→ Problem statement
Once the line containing "v \<longrightarrow> E" is found in the records below, return it and each following line exactly, up to and including the line containing "E \<longleftrightarrow> (\<forall>v\<in>V.", and nothing else.

++++++++

(* Let $N\in\mathbb N$ (with $N\ge2$ when $R_N=D_N$), $r>0$, $0<t_\ast<\infty$ and $t\in(0,t_\ast)$. With $q^{R_N}_t(\mathbf x)=\det_{1\le j,k\le N}[\overline{M^{R_N}_j(x_k,t_\ast-t)}]\det_{1\le\ell,m\le N}[M^{R_N}_\ell(x_m,t)]$, \[ \int_{\mathbb W_N^{[0,2\pi r)}}q^{A_N}_t(\mathbf x)\,d\mathbf x=\prod_{n=1}^N m^{A_N}_n(t_\ast),\qquad \int_{\mathbb W_N^{[0,\pi r]}}q^{R_N}_t(\mathbf x)\,d\mathbf x=\prod_{n=1}^N m^{R_N}_n(t_\ast) \] for $R_N\in\{B_N,B_N^\vee,C_N,C_N^\vee,BC_N,D_N\}$, where $\mathbb W_N^{[0,2\pi r)}=\{\mathbf x\in\mathbb R^N:0\le x_1<\dots<x_N<2\pi r\}$ and $\mathbb W_N^{[0,\pi r]}=\{\mathbf x\in\mathbb R^N:0\le x_1<\dots<x_N\le\pi r\}$.
   Context: Jacobi theta functions: for $v\in\mathbb C$, $\tau\in\mathbb H=\{\Im\tau>0\}$, $z=e^{\pi iv}$, $q=e^{\pi i\tau}$: $\vartheta_1(v;\tau)=i\sum_{n\in\mathbb Z}(-1)^nq^{(n-1/2)^2}z^{2n-1}$, $\vartheta_2(v;\tau)=\sum_{n\in\mathbb Z}q^{(n-1/2)^2}z^{2n-1}$. For $\sigma\in\mathbb R$, $z\in\mathbb C$, $\tau\in\mathbb H$: $\Theta^A(\sigma,z,\tau)=e^{2\pi i\sigma z}\vartheta_2(\sigma\tau+z;\tau)$, $\Theta^B=e^{2\pi i\sigma z}\vartheta_1(\sigma\tau+z;\tau)-e^{-2\pi i\sigma z}\vartheta_1(\sigma\tau-z;\tau)$, $\Theta^C=e^{2\pi i\sigma z}\vartheta_2(\sigma\tau+z;\tau)-e^{-2\pi i\sigma z}\vartheta_2(\sigma\tau-z;\tau)$, $\Theta^D=e^{2\pi i\sigma z}\vartheta_2(\sigma\tau+z;\tau)+e^{-2\pi i\sigma z}\vartheta_2(\sigma\tau-z;\tau)$. Types $R_N\in\{A_N,B_N,B_N^\vee,C_N,C_N^\vee,BC_N,D_N\}$; $\sharp(R_N)=A$ for $A_N$, $B$ for $B_N,B_N^\vee$, $C$ for $C_N,C_N^\vee,BC_N$, $D$ for $D_N$; $J^{R_N}(j)=j-1/2$ for $A_N,C_N^\vee$, $j-1$ for $B_N,B_N^\vee,D_N$, $j$ for $C_N,BC_N$; $\mathcal N^{A_N}=N$, $\mathcal N^{B_N}=2N-1$, $\mathcal N^{B_N^\vee}=\mathcal N^{C_N^\vee}=2N$, $\mathcal N^{C_N}=2(N+1)$, $\mathcal N^{BC_N}=2N+1$, $\mathcal N^{D_N}=2(N-1)$. $\xi(x)=x/(2\pi r)$, $\tau(t)=it/(2\pi r^2)$; $M^{R_N}_j(x,t)=\Theta^{\sharp(R_N)}\big(J^{R_N}(j)/\mathcal N^{R_N},\mathcal N^{R_N}\xi(x),(\mathcal N^{R_N})^2\tau(t)\big)$ for $x\in\mathbb R$, $t>0$. Constants: for $R_N\in\{A_N,C_N,C_N^\vee,BC_N\}$, $m^{R_N}_j(t_\ast)=2\pi r\vartheta_2(\mathcal N^{R_N}J^{R_N}(j)\tau(t_\ast);(\mathcal N^{R_N})^2\tau(t_\ast))$; for $R_N\in\{B_N,B_N^\vee\}$, $m_1=4\pi r\vartheta_2(0;(\mathcal N^{R_N})^2\tau(t_\ast))$ and $m_j=2\pi r\vartheta_2(\mathcal N^{R_N}J^{R_N}(j)\tau(t_\ast);(\mathcal N^{R_N})^2\tau(t_\ast))$ for $j\ge2$; for $D_N$, $m_1=4\pi r\vartheta_2(0;(\mathcal N^{D_N})^2\tau(t_\ast))$, $m_j=2\pi r\vartheta_2(\mathcal N^{D_N}J^{D_N}(j)\tau(t_\ast);(\mathcal N^{D_N})^2\tau(t_\ast))$ for $2\le j\le N-1$, $m_N=4\pi r\vartheta_2(\mathcal N^{D_N}(N-1)\tau(t_\ast);(\mathcal N^{D_N})^2\tau(t_\ast))$. *)

theory Defs
  imports "HOL-Analysis.Analysis" "Jordan_Normal_Form.Determinant"
begin
(* If $G$ is a graph with no isolated vertices, then $\chi_{\mu_2}(G)\le \gamma_t(G)$.
   Context: A set $D\subseteq V(G)$ is a total dominating set if every vertex of $G$ has a neighbor in $D$; $\gamma_t(G)$ is the minimum cardinality of a total dominating set. A set $M\subseteq V(G)$ is a $2$-distance mutual-visibility set if for every two vertices $u,v\in M$ there exists a shortest $u,v$-path of length at most $2$ none of whose internal vertices lies in $M$. $\chi_{\mu_2}(G)$ is the minimum cardinality of a partition of $V(G)$ into $2$-distance mutual-visibility sets. *)

theory Defs
  imports Main "HOL-Library.Disjoint_Sets"
begin

definition simple_graph :: "'a set \<Rightarrow> ('a \<Rightarrow> 'a \<Rightarrow> bool) \<Rightarrow> bool" where
  "simple_graph V E \<longleftrightarrow> finite V \<and> (\<forall>u v. E u v \<longrightarrow> u \<in> V \<and> v \<in> V)
     \<and> (\<forall>u v. E u v \<longrightarrow> E v u) \<and> (\<forall>v. \<not> E v v)"

definition no_isolated :: "'a set \<Rightarrow> ('a \<Rightarrow> 'a \<Rightarrow> bool) \<Rightarrow> bool" where
  "no_isolated V E \<longleftrightarrow> (\<forall>v\<in>V. \<exists>u\<in>V. E v u)"

definition total_dominating :: "'a set \<Rightarrow> ('a \<Rightarrow> 'a \<Rightarrow> bool) \<Rightarrow> 'a set \<Rightarrow> bool" where
  "total_dominating V E D \<longleftrightarrow> D \<subseteq> V \<and> (\<forall>v\<in>V. \<exists>u\<in>D. E v u)"

definition total_domination_number :: "'a set \<Rightarrow> ('a \<Rightarrow> 'a \<Rightarrow> bool) \<Rightarrow> nat" where
  "total_domination_number V E = (LEAST k. \<exists>D. total_dominating V E D \<and> card D = k)"

text \<open>2-distance mutual-visibility: for distinct u, v in M there is a shortest
u,v-path of length at most 2 with no internal vertex in M.  Unfolded: either
u, v are adjacent (the edge is the shortest path, no internal vertices), or they
are non-adjacent (so a shortest path of length \<le> 2 has length exactly 2) and
have a common neighbour outside M.\<close>
definition dist2_mutual_visibility :: "'a set \<Rightarrow> ('a \<Rightarrow> 'a \<Rightarrow> bool) \<Rightarrow> 'a set \<Rightarrow> bool" where
  "dist2_mutual_visibility V E M \<longleftrightarrow> M \<subseteq> V \<and>
     (\<forall>u\<in>M. \<forall>v\<in>M. u \<noteq> v \<longrightarrow>
        E u v \<or> (\<exists>w\<in>V - M. E u w \<and> E w v))"

definition chi_mu2 :: "'a set \<Rightarrow> ('a \<Rightarrow> 'a \<Rightarrow> bool) \<Rightarrow> nat" where
  "chi_mu2 V E = (LEAST k. \<exists>P. partition_on V P \<and>
      (\<forall>M\<in>P. dist2_mutual_visibility V E M) \<and> card P = k)"

end

theory Submission
  imports Defs
begin

text \<open>Let \<open>D\<close> be a minimum total dominating set and send every vertex \<open>v\<close> to a
neighbour \<open>f v \<in> D\<close>. The fibre of \<open>f\<close> over \<open>d\<close> avoids \<open>d\<close>, since no vertex is its own
neighbour, and any two of its vertices are adjacent or see each other through \<open>d\<close>.
So the nonempty fibres form a partition of \<open>V\<close> into at most \<open>|D|\<close> 2-distance
mutual-visibility sets.\<close>

lemma partition_on_fibres: "partition_on A ((\<lambda>y. {x\<in>A. f x = y}) ` f ` A)"
  by (auto intro!: partition_onI simp: disjnt_def)

lemma card_fibres_le:
  assumes "finite B" and "f ` A \<subseteq> B"
  shows "card ((\<lambda>y. {x\<in>A. f x = y}) ` f ` A) \<le> card B"
proof -
  have "card ((\<lambda>y. {x\<in>A. f x = y}) ` f ` A) \<le> card (f ` A)"
    using assms finite_subset by (blast intro: card_image_le)
  also have "\<dots> \<le> card B"
    using assms by (rule card_mono)
  finally show ?thesis .
qed

lemma dist2_mutual_visibility_common_neighbour:
  assumes "symp E" and "M \<subseteq> V" and "w \<in> V - M" and "\<And>u. u \<in> M \<Longrightarrow> E u w"
  shows "dist2_mutual_visibility V E M"
  using assms unfolding dist2_mutual_visibility_def by (meson sympD)

lemma chi_mu2_le_card_partition:
  assumes "partition_on V P" and "\<forall>M\<in>P. dist2_mutual_visibility V E M"
  shows "chi_mu2 V E \<le> card P"
  unfolding chi_mu2_def by (rule Least_le) (use assms in blast)

lemma chi_mu2_le_card_total_dominating:
  assumes graph: "simple_graph V E" and dom: "total_dominating V E D"
  shows "chi_mu2 V E \<le> card D"
proof -
  have DV: "D \<subseteq> V" and "finite D"
    using assms finite_subset unfolding simple_graph_def total_dominating_def by auto
  have "\<forall>v\<in>V. \<exists>u. u \<in> D \<and> E v u"
    using dom unfolding total_dominating_def by blast
  then obtain f where f: "\<And>v. v \<in> V \<Longrightarrow> f v \<in> D \<and> E v (f v)"
    by (metis bchoice)
  then have fV: "f ` V \<subseteq> D"
    by blast
  define fibre where "fibre d = {v\<in>V. f v = d}" for d
  have "partition_on V (fibre ` f ` V)"
    unfolding fibre_def by (rule partition_on_fibres)
  moreover have "dist2_mutual_visibility V E (fibre d)" if "d \<in> D" for d
  proof (rule dist2_mutual_visibility_common_neighbour)
    show "symp E"
      using graph unfolding simple_graph_def by (blast intro: sympI)
    show "fibre d \<subseteq> V" and "\<And>u. u \<in> fibre d \<Longrightarrow> E u d"
      using f unfolding fibre_def by auto
    have "\<not> E d d"
      using graph unfolding simple_graph_def by blast
    moreover have "d \<in> V"
      using that DV by blast
    ultimately show "d \<in> V - fibre d"
      using f[of d] unfolding fibre_def by auto
  qed
  then have "\<forall>M\<in>fibre ` f ` V. dist2_mutual_visibility V E M"
    using fV by blast
  ultimately have "chi_mu2 V E \<le> card (fibre ` f ` V)"
    by (rule chi_mu2_le_card_partition)
  also have "\<dots> \<le> card D"
    unfolding fibre_def using \<open>finite D\<close> fV by (rule card_fibres_le)
  finally show ?thesis .
qed

lemma total_dominating_vertex_set: "no_isolated V E \<Longrightarrow> total_dominating V E V"
  unfolding no_isolated_def total_dominating_def by blast

lemma total_domination_number_attained:
  assumes "total_dominating V E D"
  obtains D' where "total_dominating V E D'" and "card D' = total_domination_number V E"
proof -
  have "\<exists>D'. total_dominating V E D' \<and> card D' = total_domination_number V E"
    unfolding total_domination_number_def by (rule LeastI[of _ "card D"]) (use assms in blast)
  with that show ?thesis by blast
qed

theorem theorem3p2:
  fixes V :: "'a set" and E :: "'a \<Rightarrow> 'a \<Rightarrow> bool"
  assumes "simple_graph V E" and "no_isolated V E"
  shows "chi_mu2 V E \<le> total_domination_number V E"
proof -
  obtain D where "total_dominating V E D" and "card D = total_domination_number V E"
    using total_domination_number_attained total_dominating_vertex_set assms(2) .
  then show ?thesis
    using chi_mu2_le_card_total_dominating assms(1) by metis
qed

end
(* Let $\bar n\ge1$ and let $\theta_2>0$ satisfy $\sin(\theta_2\sqrt n)\neq0$ for all $n\in\{1,\dots,9\bar n+8\}$. With $\Phi$ the Kraus map $\Phi(\rho)=M_g\rho M_g^\dagger+M_e\rho M_e^\dagger+M_m\rho M_m^\dagger$ ($M_g,M_e,M_m$ as in the context), the subspace $\mathcal{H}_0^{9\bar n+8}$ is invariant under $M_g,M_e,M_m$, and for every density operator $\rho_0$ supported in $\mathcal{H}_0^{9\bar n+8}$ the sequence $\rho_{k+1}=\Phi(\rho_k)$ converges to a density operator $\rho_\infty$ supported on $\mathrm{span}\{|\bar n\rangle,|9\bar n+8\rangle\}$.
   Context: Let $\mathcal{H}$ be the Hilbert space with orthonormal (Fock) basis $\{|n\rangle\}_{n\in\mathbb{N}}$ ($\mathbb{N}$ includes $0$). Let $\mathbf{a}=\sum_{n\ge1}\sqrt{n}\,|n-1\rangle\langle n|$, $\mathbf{a}^\dagger$ its adjoint, $\mathbf{N}=\mathbf{a}^\dagger\mathbf{a}=\sum_n n|n\rangle\langle n|$, $\mathbf{I}$ the identity, and for $h:\mathbb{N}\to\mathbb{C}$ write $h(\mathbf{N})=\sum_n h(n)|n\rangle\langle n|$. Let $\mathcal{H}_{n_1}^{n_2}=\mathrm{span}\{|n_1\rangle,\dots,|n_2\rangle\}$. Fix $\theta_1=\pi/\sqrt{\bar n+1}$, $\theta_2>0$ and an arbitrary real phase $\varphi$. Define $M_g=\mathbf{a}^\dagger\,\big(1+\cos\tfrac{\theta_2\sqrt{\mathbf{N}}}{2}\big)\,\frac{\sin(\theta_1\sqrt{\mathbf{N}+\mathbf{I}})}{2\sqrt{\mathbf{N}+\mathbf{I}}}$, $M_e=\cos^2\tfrac{\theta_1\sqrt{\mathbf{N}+\mathbf{I}}}{2}\,\cos\tfrac{\theta_2\sqrt{\mathbf{N}}}{2}-\sin^2\tfrac{\theta_1\sqrt{\mathbf{N}+\mathbf{I}}}{2}$, $M_m=e^{i\varphi}\,\mathbf{a}\,\frac{\sin(\theta_2\sqrt{\mathbf{N}}/2)}{\sqrt{\mathbf{N}}}\,\cos\tfrac{\theta_1\sqrt{\mathbf{N}+\mathbf{I}}}{2}$ (the value at $n=0$ of $\sin(\theta_2\sqrt{n}/2)/\sqrt{n}$ is irrelevant). *)

theory Defs
  imports "HOL-Analysis.Analysis"
begin

text \<open>Operators on the Fock space are represented by their matrix entries in the
Fock basis: an operator is a function op i k = <i|M|k>.\<close>

type_synonym fock_op = "nat \<Rightarrow> nat \<Rightarrow> complex"

definition theta1 :: "nat \<Rightarrow> real" where
  "theta1 nbar = pi / sqrt (real nbar + 1)"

++++++++

→ Output below
     \<and> (\<forall>u v. E u v \<longrightarrow> E v u) \<and> (\<forall>v. \<not> E v v)"

definition no_isolated :: "'a set \<Rightarrow> ('a \<Rightarrow> 'a \<Rightarrow> bool) \<Rightarrow> bool" where
  "no_isolated V E \<longleftrightarrow> (\<forall>v\<in>V. \<exists>u\<in>V. E v u)"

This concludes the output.